He was the kind of love that pulls you apart from the inside.

Feral and ravaging.

Crashing and teeming.

Skin ripping from the pressure building.

He was my fingers dug into my palms to form crescent, blood moons.

He was my breath too heavy to catch.

My bones splintering from the weight of my blood rushing.

He was my eyes closed tight and my head tipped back and my chest full of melancholy and ache.

He was the kind of love that is breaking.

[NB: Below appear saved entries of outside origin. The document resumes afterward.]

(* Let $H$ be a reduced double-well type potential and $\beta>0$. Then \begin{enumerate} \item $F_\beta^0(\lambda_\beta)F_\beta^1(\lambda_\beta)=1$; \item $\Phi_\beta(01)=F_\beta^1(\lambda_\beta)\Phi_\beta(10)$ and $\Phi_\beta(10)=F_\beta^0(\lambda_\beta)\Phi_\beta(01)$; \item $\nu_\beta[01]=F_\beta^0(\lambda_\beta)\nu_\beta[10]$ and $\nu_\beta[10]=F_\beta^1(\lambda_\beta)\nu_\beta[01]$. \end{enumerate}
   Context: $\Sigma:=\{0,1\}^{\mathbb N}$, $\sigma$ the left shift. A reduced double-well type potential is a continuous nonnegative $H:\Sigma\to\mathbb R$ with summable variation such that $H=0$ on $[00]\cup[11]$, $H=H_n^0>0$ on $[01^n0]$, $H=H_n^1>0$ on $[10^n1]$ ($n\ge1$), and $\sum_{k\ge1}\sup_{n\ge0}|H_k^i-H_{k+n}^i|<\infty$ ($i=0,1$). $\mathcal L_\beta[\Phi](x)=e^{-\beta H(0x)}\Phi(0x)+e^{-\beta H(1x)}\Phi(1x)$; $\Phi_\beta$ the unique positive continuous eigenfunction with $\max\Phi_\beta=1$, $\lambda_\beta$ its eigenvalue, $\nu_\beta$ the unique probability with $\mathcal L_\beta^*\nu_\beta=\lambda_\beta\nu_\beta$. $\Phi_\beta$ is constant on $[01]$ and $[10]$; $\Phi_\beta(01),\Phi_\beta(10)$ denote these values. $F_\beta^i(\lambda):=\sum_{k\ge1}\lambda^{-k}e^{-\beta H_k^i}$ for $i=0,1$. *)

theory Defs
  imports "HOL-Probability.Probability"
begin

text \<open>The full shift \<open>\<Sigma> = {0,1}^\<nat>\<close> is the type \<open>nat \<Rightarrow> bool\<close>
  (symbol 0 = False, symbol 1 = True) carrying the product topology
  (library instance, bool is discrete).\<close>

type_synonym seq = "nat \<Rightarrow> bool"

definition cyl :: "bool list \<Rightarrow> seq set" where
  "cyl w = {x. \<forall>i<length w. x i = w ! i}"

definition scons :: "bool \<Rightarrow> seq \<Rightarrow> seq" where
  "scons a x = case_nat a x"

definition var :: "(seq \<Rightarrow> real) \<Rightarrow> nat \<Rightarrow> real" where
  "var H n = Sup {\<bar>H x - H y\<bar> | x y. \<forall>i<n. x i = y i}"

definition summable_variation :: "(seq \<Rightarrow> real) \<Rightarrow> bool" where
  "summable_variation H \<longleftrightarrow> summable (\<lambda>n. var H (Suc n))"

definition reduced_double_well ::
    "(seq \<Rightarrow> real) \<Rightarrow> (nat \<Rightarrow> real) \<Rightarrow> (nat \<Rightarrow> real) \<Rightarrow> bool" where
  "reduced_double_well H H0 H1 \<longleftrightarrow>
     continuous_on UNIV H \<and> (\<forall>x. 0 \<le> H x) \<and> summable_variation H \<and>
     (\<forall>x \<in> cyl [False, False] \<union> cyl [True, True]. H x = 0) \<and>
     (\<forall>n\<ge>1. H0 n > 0 \<and> (\<forall>x \<in> cyl ([False] @ replicate n True @ [False]). H x = H0 n)) \<and>
     (\<forall>n\<ge>1. H1 n > 0 \<and> (\<forall>x \<in> cyl ([True] @ replicate n False @ [True]). H x = H1 n)) \<and>
     summable (\<lambda>k. SUP n. \<bar>H0 (Suc k) - H0 (Suc k + n)\<bar>) \<and>
     summable (\<lambda>k. SUP n. \<bar>H1 (Suc k) - H1 (Suc k + n)\<bar>)"

definition transfer :: "(seq \<Rightarrow> real) \<Rightarrow> real \<Rightarrow> (seq \<Rightarrow> real) \<Rightarrow> seq \<Rightarrow> real" where
  "transfer H \<beta> \<Phi> x =
     exp (- \<beta> * H (scons False x)) * \<Phi> (scons False x)
   + exp (- \<beta> * H (scons True x)) * \<Phi> (scons True x)"

definition Fterm :: "(nat \<Rightarrow> real) \<Rightarrow> real \<Rightarrow> real \<Rightarrow> nat \<Rightarrow> real" where
  "Fterm Hi \<beta> lam k = inverse (lam ^ Suc k) * exp (- \<beta> * Hi (Suc k))"

definition F :: "(nat \<Rightarrow> real) \<Rightarrow> real \<Rightarrow> real \<Rightarrow> real" where
  "F Hi \<beta> lam = (\<Sum>k. Fterm Hi \<beta> lam k)"

definition is_eigenfunction :: "(seq \<Rightarrow> real) \<Rightarrow> real \<Rightarrow> (seq \<Rightarrow> real) \<Rightarrow> real \<Rightarrow> bool" where
  "is_eigenfunction H \<beta> \<Phi> lam \<longleftrightarrow>
     continuous_on UNIV \<Phi> \<and> (\<forall>x. \<Phi> x > 0) \<and> (\<forall>x. \<Phi> x \<le> 1) \<and> (\<exists>x. \<Phi> x = 1) \<and>
     (\<forall>x. transfer H \<beta> \<Phi> x = lam * \<Phi> x)"

text \<open>\<nu> is a Borel probability on \<Sigma> with \<open>\<L>^*\<nu> = \<lambda>\<nu>\<close>, i.e. \<open>\<nu>(\<L> f) = \<lambda> \<nu>(f)\<close> for all continuous f.\<close>
definition is_eigenmeasure :: "(seq \<Rightarrow> real) \<Rightarrow> real \<Rightarrow> seq measure \<Rightarrow> real \<Rightarrow> bool" where
  "is_eigenmeasure H \<beta> \<nu> lam \<longleftrightarrow>
     prob_space \<nu> \<and> sets \<nu> = sets borel \<and>
     (\<forall>f. continuous_on UNIV f \<longrightarrow>
        integral\<^sup>L \<nu> (transfer H \<beta> f) = lam * integral\<^sup>L \<nu> f)"

end

(*
  Unfolding the eigenvalue equation along an orbit that stays in one well writes \<Phi> on [10]
  as a weighted sum, with weights the terms of F\<^sup>0(\<lambda>), of its values at the excursions
  0 1\<^sup>j y \<in> [01], and symmetrically \<Phi> on [01] as an F\<^sup>1-weighted sum of values on [10].
  Comparing the maxima and the minima of \<Phi> on the two cylinders gives F\<^sup>0 F\<^sup>1 = 1; then the
  maximum of \<Phi> on [01] propagates along excursions to every point obtained from a maximiser
  by prepending a word, a dense subset of [01], so \<Phi> is constant on [01] and on [10].
  The same unfolding of \<L>\<^sup>* \<nu> = \<lambda> \<nu> shows that [01] is, up to the \<nu>-null point 01\<^sup>\<infinity>,
  the disjoint union of the cylinders [0 1\<^sup>j\<^sup>+\<^sup>1 0], each a copy of [10] scaled by a term of F\<^sup>0(\<lambda>).
*)

theory Submission
  imports Defs
begin

lemma LIMSEQ_dominated_by_power:
  fixes a :: "nat \<Rightarrow> real"
  assumes "\<And>n. 0 \<le> a n" "\<And>n. a n \<le> C / lam ^ n" "1 < lam"
  shows "a \<longlonglongrightarrow> 0"
proof (rule tendsto_sandwich[of "\<lambda>_. 0" _ _ "\<lambda>n. C / lam ^ n"])
  have "(\<lambda>n. C * inverse (lam ^ n)) \<longlonglongrightarrow> C * 0"
    using \<open>1 < lam\<close> by (intro tendsto_mult tendsto_const LIMSEQ_inverse_realpow_zero)
  then show "(\<lambda>n. C / lam ^ n) \<longlonglongrightarrow> 0"
    by (simp add: divide_inverse)
qed (use assms in auto)

lemma sums_weighted_le:
  fixes f g :: "nat \<Rightarrow> real"
  assumes "\<And>k. 0 \<le> f k" "summable f" "(\<lambda>k. f k * g k) sums s" "\<And>k. g k \<le> c"
  shows "s \<le> suminf f * c"
proof (rule sums_le[OF _ assms(3)])
  show "(\<lambda>k. f k * c) sums (suminf f * c)"
    using assms(2) by (intro sums_mult2 summable_sums)
qed (use assms in \<open>simp add: mult_left_mono\<close>)

lemma sums_weighted_ge:
  fixes f g :: "nat \<Rightarrow> real"
  assumes "\<And>k. 0 \<le> f k" "summable f" "(\<lambda>k. f k * g k) sums s" "\<And>k. c \<le> g k"
  shows "suminf f * c \<le> s"
proof (rule sums_le[OF _ _ assms(3)])
  show "(\<lambda>k. f k * c) sums (suminf f * c)"
    using assms(2) by (intro sums_mult2 summable_sums)
qed (use assms in \<open>simp add: mult_left_mono\<close>)

lemma sums_weighted_eq_bound:
  fixes f g :: "nat \<Rightarrow> real"
  assumes f_pos: "\<And>k. 0 < f k" and "summable f" "(\<lambda>k. f k * g k) sums (suminf f * c)" "\<And>k. g k \<le> c"
  shows "g k = c"
proof (rule ccontr)
  assume "g k \<noteq> c"
  with assms(4)[of k] f_pos[of k] have pos: "0 < f k * (c - g k)"
    by simp
  have sums0: "(\<lambda>k. f k * (c - g k)) sums 0"
    using sums_diff[OF sums_mult2[OF summable_sums[OF assms(2)], of c] assms(3)]
    by (simp add: algebra_simps)
  have "0 < suminf (\<lambda>k. f k * (c - g k))"
    using assms(4) f_pos by (intro suminf_pos2[OF sums_summable[OF sums0] _ pos]) (simp add: less_imp_le)
  with sums_unique[OF sums0] show False
    by simp
qed

section \<open>Cylinders of the full shift\<close>

lemma scons_0 [simp]: "scons a x 0 = a"
  and scons_Suc [simp]: "scons a x (Suc i) = x i"
  by (simp_all add: scons_def)

fun prepend :: "bool list \<Rightarrow> seq \<Rightarrow> seq" where
  "prepend [] x = x"
| "prepend (c # w) x = scons c (prepend w x)"

lemma prepend_nth: "prepend w x i = (if i < length w then w ! i else x (i - length w))"
  by (induction w arbitrary: i) (auto simp: nth_Cons' scons_def split: nat.split)

lemma mem_cyl_iff: "x \<in> cyl w \<longleftrightarrow> (\<forall>i<length w. x i = w ! i)"
  by (simp add: cyl_def)

lemma cyl_Nil [simp]: "cyl [] = UNIV"
  by (simp add: cyl_def)

lemma scons_in_cyl_Cons [simp]: "scons c x \<in> cyl (d # w) \<longleftrightarrow> c = d \<and> x \<in> cyl w"
  unfolding mem_cyl_iff by (auto simp: less_Suc_eq_0_disj)

lemma prepend_in_cyl_append [simp]: "prepend u x \<in> cyl (u @ w) \<longleftrightarrow> x \<in> cyl w"
  by (induction u) auto

lemma hd_in_cyl_Cons: "x \<in> cyl (a # w) \<Longrightarrow> x 0 = a"
  unfolding mem_cyl_iff by auto

lemma cyl_singleton_iff [simp]: "x \<in> cyl [a] \<longleftrightarrow> x 0 = a"
  by (simp add: mem_cyl_iff)

lemma cyl_snoc: "cyl (w @ [a]) = {x \<in> cyl w. x (length w) = a}"
  unfolding mem_cyl_iff set_eq_iff by (auto simp: nth_append less_Suc_eq)

lemma cyl_nonempty: "cyl w \<noteq> {}"
  using prepend_in_cyl_append[of w "\<lambda>_. False" "[]"] by auto

definition excursion :: "bool \<Rightarrow> nat \<Rightarrow> seq \<Rightarrow> seq" where
  "excursion b j y = scons b (prepend (replicate j (\<not> b)) y)"

lemma excursion_mem: "y \<in> cyl [\<not> b, b] \<Longrightarrow> excursion b j y \<in> cyl [b, \<not> b]"
  using hd_in_cyl_Cons[of y "\<not> b"]
  by (cases j) (auto simp: excursion_def mem_cyl_iff prepend_nth less_Suc_eq)

lemma compact_UNIV_seq: "compact (UNIV :: seq set)"
proof -
  have "compact_space (product_topology (\<lambda>i::nat. euclidean :: bool topology) UNIV)"
    unfolding compact_space_product_topology by (simp add: compact_space_def finite_imp_compact)
  then show ?thesis
    unfolding euclidean_product_topology compact_space_def by simp
qed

A war determined to eat me from my body.

Myself, torn in shreds.

He was my tongue wetting my lips and my skin warmed and aching.

The creep of longing that tumbled across my neck and back.

The bruises smarting against whispered touches.

He was the light that breaks through when you come out of the shadows.

He was the darkness that pulled me in deeper.

He was a frenetic up and down, drain circling, tantrum.

He was the angst that I craved.

He was words pouring out of me all at once.

And he was the throbbing in my hysteric heart.

The pulsing torment that’s deconstructed my being.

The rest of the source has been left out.